Grippe aviaire – Le foie gras va y laisser des plumes


Après un épisode de grippe aviaire d’une ampleur inédite, la production de foie gras en France va se raréfier en 2022 et coûtera d’autant plus cher que la filière accuse le coup d’une flambée des prix des céréales causée par la guerre en Ukraine.

L’épizootie d’influenza aviaire qui a frappé notre pays cet hiver décroît après avoir touché plus de 1 300 élevages. Les conséquences sont d’une gravité particulière avec 16 millions de volailles abattues en France, dont 11 millions dans le Grand Ouest. L’an dernier, 3,5 millions de volailles avaient été tuées. Les années précédentes, ces crises restaient globalement circonscrites au sud-ouest. Mais début 2022, une deuxième vague a touché des zones habituellement épargnées, comme le Périgord et les Pays de Loire, où l’on produit respectivement 10 et 20% du foie gras.

En plus d’être productrice du précieux mets, la région des Pays de Loire est essentielle pour la filière : elle « représente 72 % de la fourniture des canetons, ces animaux qui servent à repeupler les élevages », souligne Marie-Pierre Pé, directrice du Comité interprofessionnel des palmipèdes à foie gras (Cifog). La filière compte trois maillons principaux : les couvoirs, où naissent les canetons ; les élevages, où les canetons d’un jour sont expédiés et grandissent pendant trois mois ; les centres d’engraissement, qui peuvent être localisés au sein des élevages, où les volatiles sont gavés pendant environ 10 jours.

Lent retour à la normale

« On estime qu’il pourrait y avoir entre 20 et 25 % de poussins de un jour et de canetons en moins », selon Joël Limouzin, en charge des questions sanitaires à la FNSEA et président de la chambre d’agriculture de Vendée. « Il faut six mois avant qu’une cane ou qu’un mâle ne soit mature sexuellement, donc les premiers troupeaux qui vont être en capacité de produire ne vont arriver qu’à partir de novembre », explique Marie-Pierre Pé. L’interprofession estime qu’il lui faudra 15 à 18 mois pour retrouver une situation normale. La filière exportant 15 % de sa production, il faudra « partager » le foie gras de cette année « avec tous les marchés européens et d’autres, comme la Suisse et le Japon », explique Marie-Pierre Pé.

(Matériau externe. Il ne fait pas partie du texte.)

lemma is_lpoly_lmul:
  assumes "is_lpoly f" "is_lpoly g"
  shows "is_lpoly (lmul f g)"
proof -
  let ?F = "{i. f i \<noteq> 0}" and ?G = "{j. g j \<noteq> 0}"
  have "{n. lmul f g n \<noteq> 0} \<subseteq> (\<lambda>(i, j). i + j) ` (?F \<times> ?G)"
  proof
    fix n assume "n \<in> {n. lmul f g n \<noteq> 0}"
    then obtain i where "i \<in> ?F" "f i * g (n - i) \<noteq> 0"
      unfolding lmul_def by (auto elim: sum.not_neutral_contains_not_neutral)
    then show "n \<in> (\<lambda>(i, j). i + j) ` (?F \<times> ?G)"
      by (intro image_eqI[of _ _ "(i, n - i)"]) auto
  qed
  moreover have "finite ((\<lambda>(i, j). i + j) ` (?F \<times> ?G))"
    using assms unfolding is_lpoly_def by simp
  ultimately show ?thesis
    unfolding is_lpoly_def by (rule finite_subset)
qed

lemma lmul_single_left: "lmul (\<lambda>n. if n = e then c else 0) g = (\<lambda>n. c * g (n - e))"
  by (rule ext, subst lmul_eq_sum_over[where S = "{e}"]) (auto split: if_splits)

lemma lmul_lmon_lmon: "lmul (lmon a) (lmon b) = lmon (a + b)"
  unfolding lmon_def lmul_single_left by (auto simp: fun_eq_iff)

lemma lmul_zero_left [simp]: "lmul 0 g = 0"
  unfolding lmul_def by (simp add: fun_eq_iff)

lemma lmul_zero_right [simp]: "lmul f 0 = 0"
  unfolding lmul_def by (simp add: fun_eq_iff)

lemma lmul_lone_right: "is_lpoly f \<Longrightarrow> lmul f lone = f"
  by (rule ext, subst lmul_eq_sum_over[where S = "{_}"]) (auto simp: lone_def split: if_splits)

lemma lmul_lconst: "lmul (lconst c) f = (\<lambda>n. c * f n)"
  unfolding lconst_def lmul_single_left by simp

lemma lmul_scale_left: "lmul (\<lambda>n. c * f n) g = (\<lambda>n. c * lmul f g n)"
  by (cases "c = 0") (simp_all add: lmul_def sum_distrib_left mult.assoc)

lemma lmul_vanishes_below:
  assumes "is_lpoly f" "\<And>i. i < - d \<Longrightarrow> f i = 0" "\<And>j. j < - e \<Longrightarrow> g j = 0" "n < - (d + e)"
  shows "lmul f g n = 0"
proof -
  have "lmul f g n = (\<Sum>i\<in>{}. f i * g (n - i))"
    by (rule lmul_eq_sum_over) (use assms in \<open>force+\<close>)
  then show ?thesis by simp
qed

lemma is_lpoly_lprod: "\<forall>f\<in>set fs. is_lpoly f \<Longrightarrow> is_lpoly (lprod fs)"
  by (induction fs) (simp_all add: lprod_def is_lpoly_lmul)

lemma lprod_vanishes_neg:
  "\<forall>f\<in>set fs. is_lpoly f \<and> (\<forall>n<0. f n = 0) \<Longrightarrow> n < 0 \<Longrightarrow> lprod fs n = 0"
proof (induction fs arbitrary: n)
  case Nil
  then show ?case by (simp add: lprod_def lone_def)
next
  case (Cons f fs)
  then show ?case
    using lmul_vanishes_below[where f = f and g = "lprod fs" and d = 0 and e = 0] by (simp add: lprod_def)
qed

lemma is_lpoly_at_inf: "is_lpoly f \<Longrightarrow> is_lpoly (at_inf m f)"
  unfolding is_lpoly_def at_inf_def
  by (rule finite_subset[of _ "(\<lambda>j. - j - 2 * int m) ` {n. f n \<noteq> 0}"])
     (auto intro!: image_eqI[where x = "- _ - 2 * int m"])

lemma at_inf_lmul:
  assumes f: "is_lpoly f" and g: "is_lpoly g"
  shows "lmul (at_inf p f) (at_inf q g) = at_inf (p + q) (lmul f g)"
proof
  fix n
  let ?S = "{j. f j \<noteq> 0}" and ?r = "\<lambda>j. - j - 2 * int p"
  have "lmul (at_inf p f) (at_inf q g) n = (\<Sum>i\<in>?r ` ?S. at_inf p f i * at_inf q g (n - i))"
    by (rule lmul_eq_sum_over[OF is_lpoly_at_inf[OF f]])
       (use f in \<open>auto simp: at_inf_def is_lpoly_def intro!: image_eqI[where x = "- _ - 2 * int p"]\<close>)
  also have "\<dots> = (\<Sum>j\<in>?S. at_inf p f (?r j) * at_inf q g (n - ?r j))"
    by (subst sum.reindex) (auto simp: inj_on_def)
  also have "\<dots> = (\<Sum>j\<in>?S. (-1) ^ (p + q) * (f j * g (- n - 2 * int (p + q) - j)))"
    by (intro sum.cong refl) (simp add: at_inf_def power_add algebra_simps; rule arg_cong[where f = g]; simp)
  also have "\<dots> = at_inf (p + q) (lmul f g) n"
    unfolding at_inf_def lmul_def by (simp add: sum_distrib_left)
  finally show "lmul (at_inf p f) (at_inf q g) n = at_inf (p + q) (lmul f g) n" .
qed

lemma at_inf_lprod:
  "\<forall>f\<in>set fs. is_lpoly f \<Longrightarrow> at_inf (length fs) (lprod fs) = lprod (map (at_inf 1) fs)"
proof (induction fs)
  case Nil
  then show ?case by (simp add: lprod_def at_inf_def lone_def fun_eq_iff)
next
  case (Cons f fs)
  have "at_inf (1 + length fs) (lmul f (lprod fs)) = lmul (at_inf 1 f) (at_inf (length fs) (lprod fs))"
    by (rule at_inf_lmul[symmetric]) (use Cons.prems in \<open>simp_all add: is_lpoly_lprod\<close>)
  with Cons show ?case by (simp add: lprod_def)
qed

Alors que la France n’est pas complètement sortie de la vague épidémique – 19 départements de la Bretagne au sud-ouest restent en « risque élevé » de diffusion du virus de l’influenza aviaire -, la filière doit se reconstruire dans un contexte de flambée mondiale des matières premières agricoles. Depuis le début de la guerre en Ukraine, les cours du blé et du maïs ont augmenté d’environ 30 %, une charge conséquente quand l’alimentation de la volaille représente les deux tiers de son coût de production. Le prix du foie gras va inévitablement grimper, mais il est « trop tôt » pour chiffrer la hausse, dit l’interprofession.

Un vaccin espéré en 2023

Après deux années consécutives difficiles, « certains éleveurs veulent attendre levaccin contre la grippe aviaire » – il n’en existe aucun autorisé au sein de l’Union européenne -, explique Joël Limouzin. En France, le ministère de l’agriculture a annoncé le début mardi de l’expérimentation de deux vaccins pour les palmipèdes. Mais il faudra attendre 2023 pour disposer d’un vaccin homologué, estime le Cifog.

Si la prévention apparaît comme la meilleure solution contre une épizootie de plus en plus virulente, vacciner aujourd’hui, c’est aussi voir des débouchés se fermer. De nombreux pays (Arabie saoudite, Corée du Sud, Grande-Bretagne, États-Unis) refusent de se fournir en volailles dans des pays pratiquant la vaccination contre la grippe aviaire, craignant l’introduction du virus par les animaux vaccinés ou leurs produits. « Si on doit aller vers la vaccination, il faut que l’export soit possible », a-t-on affirmé lundi au ministère.

« La stratégie de vaccination sera actée pour les pays européens. Pour les pays tiers, qui représentent des enjeux commerciaux importants, il faudra que, collectivement, on défende l’intérêt de cette vaccination et l’absence de risque pour eux », a-t-on expliqué. La France est le premier producteur et consommateur de foie gras, avec un chiffre d’affaires de 1,6 milliard d’euros en 2021, une année déjà perturbée par la grippe aviaire. Habituellement, environ 30 millions de canards gras y sont élevés par an. Un chiffre tombé à 21 millions en 2021.